What a truly frightening thing it is, or should be, to hear Jesus say  that people will arrive at their judgment filled with false hope, perfectly confident that they are saved, and they will be told by Jesus that He does not recognize them as his followers, since they never really followed his teaching, but simply their own will.  Notice that some will try to claim membership in the kingdom not by their fidelity to his teaching on the commandments, but simply because He taught in their streets, and ate with them.  The Sermon on the Mount suggests that this eating and drinking make have overtones of the Eucharist, as if simply receiving the Lord in this Holy Meal will give us a claim on heaven, regardless of one’s refusal to live by his law, or refusal to repent of our sins.  In the Sermon of the Mount, Jesus says that even if we work miracles in his Name, and preach the Gospel, it will do us no good unless we keep the commandments and repents of one’s failure to do so. Then in that passage from Matthew, Jesus sums it all up when he says that the one who will inherit his Father’s kingdom is not the one who cries “Lord, Lord,” but only the one who keeps His commandments. In another place he simply says – if you love me keep my commandments. If one fails to do that, nothing else will bring salvation, not miracles, not preaching, not having known him historically or eaten with him or even all the good works you may have performed. All this matters only if one keeps his commandments and repent for one’s sins when one fails to keep them.

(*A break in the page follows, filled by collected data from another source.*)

(* Consider the fully discrete implicit variable-step BDF2 scheme described in the context and let $\{u^n\}$ be its solution. Suppose the time-step ratios satisfy $r_k\le r_s$ for $2\le k\le N$ and \[ \tau_n<4\delta\min\Big\{R_L(r_n,r_{n+1}),\ \frac{2+r_2}{1+r_2}\Big\},\qquad 1\le n\le N, \] where $R_L(z,s)=\frac{2+4z-z^{3/2}}{1+z}-\frac{s^{3/2}}{1+s}$ (with $r_1:=0$). Then there is a constant $C_0$, independent of the spatial step $h$ and the time steps $\tau_n$, such that \[ \max\{\|\nabla_hu^n\|,\ \|\nabla_hu^n\|_{l^4},\ \|\Delta_hu^n\|\}\le C_0 . \]
   Context: Let $L>0$, $\Omega=(0,L)^2$, $M$ a positive integer, $h=L/M$, $x_i=ih$, $y_j=jh$, $\Omega_h=\{(x_i,y_j):1\le i,j\le M\}$, $\bar\Omega_h=\{(x_i,y_j):0\le i,j\le M\}$, and $\mathbb{V}_h$ the space of grid functions on $\bar\Omega_h$ that are $L$-periodic in each direction. For $v\in\mathbb{V}_h$: $\delta_x v_{i+1/2,j}=(v_{i+1,j}-v_{ij})/h$, $\Delta_x v_{ij}=(v_{i+1,j}-v_{i-1,j})/(2h)$, $\delta_x^2 v_{ij}=(\delta_xv_{i+1/2,j}-\delta_xv_{i-1/2,j})/h$, and analogously in $y$; $\Delta_h=\delta_x^2+\delta_y^2$, $\nabla_h v_{ij}=(\Delta_x v_{ij},\Delta_y v_{ij})^T$, and for a vector grid function $\mathbf{g}=(g_1,g_2)$, $\nabla_h\cdot \mathbf g=\Delta_x g_1+\Delta_y g_2$. Inner product $\langle v,w\rangle=h^2\sum_{\mathrm{x}_h\in\Omega_h}v_hw_h$, $\|v\|=\sqrt{\langle v,v\rangle}$, $\|v\|_{l^q}=(h^2\sum_{\mathrm{x}_h\in\Omega_h}|v_h|^q)^{1/q}$; for vector grid functions the pointwise Euclidean norm is used inside. Let $f(\mathbf{v})=(|\mathbf v|^2-1)\mathbf v$ and $\delta>0$. Time levels $0=t_0<t_1<\dots<t_N=T$, $\tau_n=t_n-t_{n-1}$, $r_n=\tau_n/\tau_{n-1}$ ($2\le n\le N$); $r_{N+1}\in(0,r_s]$ is an auxiliary ratio. $\nabla_\tau v^n=v^n-v^{n-1}$. BDF2 kernels: $b_0^{(1)}=2/\tau_1$, and for $n\ge2$, $b_0^{(n)}=\frac{1+2r_n}{\tau_n(1+r_n)}$, $b_1^{(n)}=-\frac{r_n^2}{\tau_n(1+r_n)}$, $b_j^{(n)}=0$ for $j\ge2$; $D_2v^n=\sum_{k=1}^n b_{n-k}^{(n)}\nabla_\tau v^k$. The scheme is: $D_2u_h^n+\delta\Delta_h^2u_h^n-\nabla_h\cdot f(\nabla_hu_h^n)=0$ for $\mathrm{x}_h\in\Omega_h$, $1\le n\le N$, with $u_h^0=\varphi_0(\mathrm{x}_h)-\frac{\tau_1}{2}\varphi_1(\mathrm{x}_h)$, $\varphi_1=\nabla\cdot f(\nabla\varphi_0)-\delta\Delta^2\varphi_0$ for given periodic smooth data $\varphi_0\in H^4(\Omega)$. $r_s$ is a fixed constant with $0<r_s<4.864$. *)

theory Defs
  imports "HOL-Analysis.Analysis"
begin

definition pdx :: "(real \<times> real \<Rightarrow> real) \<Rightarrow> real \<times> real \<Rightarrow> real" where
  "pdx g = (\<lambda>(x,y). deriv (\<lambda>s. g (s,y)) x)"
lemma node_left_succ_add: "node n (int a + 1 + k) = node n (int j + k)"
proof -
  have "int a + 1 + k = (int j + k) + (if j = 0 then 1 else 0) * int n"
    using left_succ by simp
  then show ?thesis
    unfolding node_def by simp
qed

lemma left_neq_site:
  assumes "i < n" "w i = Some k"
  shows "a \<noteq> j"
  using paired[OF assms] left_succ by (cases "j = 0") auto

lemma defect_right_parity:
  assumes wa: "w a = None" and wj: "w j = Some kb"
  shows "even (boundary_crossings n (w(a := Some 1, j := Some (-1), node n (int j + kb) := None))
               - boundary_crossings n w + - ((int a + 1 + kb) div int n))"
proof -
  define c where "c = node n (int j + kb)"
  have wc: "w c = Some (- kb)" and kb: "kb \<noteq> 0" "\<bar>kb\<bar> < int n"
    using paired[OF site wj] unfolding c_def by auto
  have "c < n" "a \<noteq> j" "c \<noteq> a" "c \<noteq> j"
    using node_less[of n] site left_neq_site[OF site wj] wa wc node_add_neq[OF site kb]
    unfolding c_def by auto
  then have "boundary_crossings n (w(a := Some 1, j := Some (-1), c := None)) - boundary_crossings n w
      = arc_crossing n a (Some 1) - (arc_crossing n j (Some kb) + arc_crossing n c (Some (- kb)))"
    using left_less site wa wj wc by (simp add: boundary_crossings_fun_upd arc_crossing_nonpos)
  moreover have "(int a + 1 + kb) div int n = (int j + kb) div int n + (if j = 0 then 1 else 0)"
    using left_succ site by auto
  ultimately show ?thesis
    using even_arc_crossing_pair[OF site, of kb] arc_crossing_left_unit unfolding c_def by auto
qed

lemma defect_left_parity:
  assumes wa: "w a = Some ka" and wj: "w j = None"
  shows "even (boundary_crossings n (w(a := Some 1, j := Some (-1), node n (int a + ka) := None))
               - boundary_crossings n w + - ((int j - 1 + ka) div int n))"
proof -
  define c where "c = node n (int a + ka)"
  have wc: "w c = Some (- ka)" and ka: "ka \<noteq> 0" "\<bar>ka\<bar> < int n"
    using paired[OF left_less wa] unfolding c_def by auto
  have "c < n" "a \<noteq> j" "c \<noteq> a" "c \<noteq> j"
    using node_less[of n] site left_neq_site[OF left_less wa] wj wc node_add_neq[OF left_less ka]
    unfolding c_def by auto
  then have "boundary_crossings n (w(a := Some 1, j := Some (-1), c := None)) - boundary_crossings n w
      = arc_crossing n a (Some 1) - (arc_crossing n a (Some ka) + arc_crossing n c (Some (- ka)))"
    using left_less site wa wj wc by (simp add: boundary_crossings_fun_upd arc_crossing_nonpos)
  moreover have "(int j - 1 + ka) div int n = (int a + ka) div int n - (if j = 0 then 1 else 0)"
  proof -
    have "int j - 1 + ka = (int a + ka) + (if j = 0 then -1 else 0) * int n"
      using left_succ by (auto split: if_splits)
    then show ?thesis
      using site by (simp only: div_mult_self1) simp
  qed
  ultimately show ?thesis
    using even_arc_crossing_pair[OF left_less, of ka] arc_crossing_left_unit unfolding c_def by auto
qed
lemma tendsto_d_div_C_fixpoint:
  assumes r: "(\<lambda>k. C (Suc k) / C k) \<longlonglongrightarrow> c" and c: "c > 0"
    and q: "(\<lambda>k. U k / C k) \<longlonglongrightarrow> K" and K: "K > 0"
    and x: "0 < x" "c * x = phi K x"
  shows "(\<lambda>k. d k / C k) \<longlonglongrightarrow> x"
proof -
  have K0: "K \<ge> 0" and c_neq_0: "c \<noteq> 0" using K c by simp_all
  obtain B where B: "\<forall>k. d k / C k \<le> B" using d_div_C_bounded[OF r c] by blast
  define e where "e k = phi (U k / C k) (d k / C k) - phi K (d k / C k)" for k
  have e: "e \<longlonglongrightarrow> 0"
    unfolding e_def by (rule phi_perturbation_tendsto_0[OF q K0])
  have step: "\<forall>k. d (Suc k) / C (Suc k) = C k / C (Suc k) * (phi K (d k / C k) + e k)"
    using normalized_d_Suc unfolding e_def by simp
  have rpos: "0 \<le> C k / C (Suc k)" for k using C_pos[of k] C_pos[of "Suc k"] by simp
  obtain S where S: "0 \<le> S" "limsup (\<lambda>k. ereal (d k / C k)) = ereal S" "S \<le> 1/c * phi K S"
    using limsup_perturbed_recursion[of "\<lambda>k. d k / C k" B "\<lambda>k. C k / C (Suc k)" "1/c" e "phi K",
        OF d_div_C_nonneg B[rule_format] inverse_ratio_tendsto[OF r c_neq_0] rpos e _
          phi_mono_right(1)[OF K0] phi_mono_right(2)[OF K0]] step by auto
  obtain I where I: "0 \<le> I" "liminf (\<lambda>k. ereal (d k / C k)) = ereal I" "1/c * phi K I \<le> I"
    using liminf_perturbed_recursion[of "\<lambda>k. d k / C k" B "\<lambda>k. C k / C (Suc k)" "1/c" e "phi K",
        OF d_div_C_nonneg B[rule_format] inverse_ratio_tendsto[OF r c_neq_0] rpos e _
          phi_mono_right(1)[OF K0] phi_mono_right(2)[OF K0]] step by auto
  have "S \<le> x"
  proof (rule ccontr)
    assume "\<not> S \<le> x"
    then have "phi K S < c * S" using phi_less_beyond_fixpoint[OF K c x] by simp
    moreover have "c * S \<le> phi K S" using S(3) c by (simp add: field_simps)
    ultimately show False by simp
  qed
  moreover have "x \<le> I"
  proof (rule ccontr)
    assume a: "\<not> x \<le> I"
    have "phi K I \<le> c * I" using I(3) c by (simp add: field_simps)
    moreover have "c * I < phi K I"
    proof (cases "I = 0")
      case True then show ?thesis using phi_0_right_pos[OF K] by simp
    next
      case False then show ?thesis using phi_greater_below_fixpoint[OF K c x, of I] I(1) a by simp
    qed
    ultimately show False by simp
  qed
  ultimately show ?thesis
    by (intro limsup_le_liminf_real) (use S(2) I(2) in auto)
qed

God powerfully wills our salvation, no question about that, for the death of His Son for our salvation proves it. And if we are sincerely trying to live by his commandments, and our sincerity is proven by our repentance when we fail, then we will have a genuine Hope for our personal salvation.  But there always remains the danger of presumption on our part, that we will start thinking that we can somehow take the broad, easy way of living, any way we choose to live, and that God will not care; rather than taking the narrow way of living by the commandments of Christ and His Church, and repenting for our failure to do so when that occurs. That is never easy.   We do not like to confess that we have failed; it’s easier to simply deny that the commandment is a valid commandment. But that is in fact the broad way of presumption, a way applauded by the world, and not the narrow way that Jesus indicates and which the world ridicules.

Interestingly, Jesus never reveals how many will be saved nor whether a majority or minority will be save in the end,  but He simply informs us that while many people try to take the broad way in this world, we must choose the narrow.  The final outcome is known only to God, for conversion always remains a possibility, and we are not to judge these matters before the appointed time, when Jesus alone will bring about that final judgment.  The bottom line is this: if we have true Christian Hope, we will not give up on God and will continue to struggle. And if we have true Charity, we will not give up on anyone else during our time in this world.  Hope is a necessary virtue for our salvation, and so is the Charity by which we desire the salvation of all, just as Jesus did.  But Hope is authentic only if it is realistic, based upon our willingness to do God’s will, and then trust in his reward and his mercy.  Charity is realistic only if we are willing to work and pray for the salvation of all.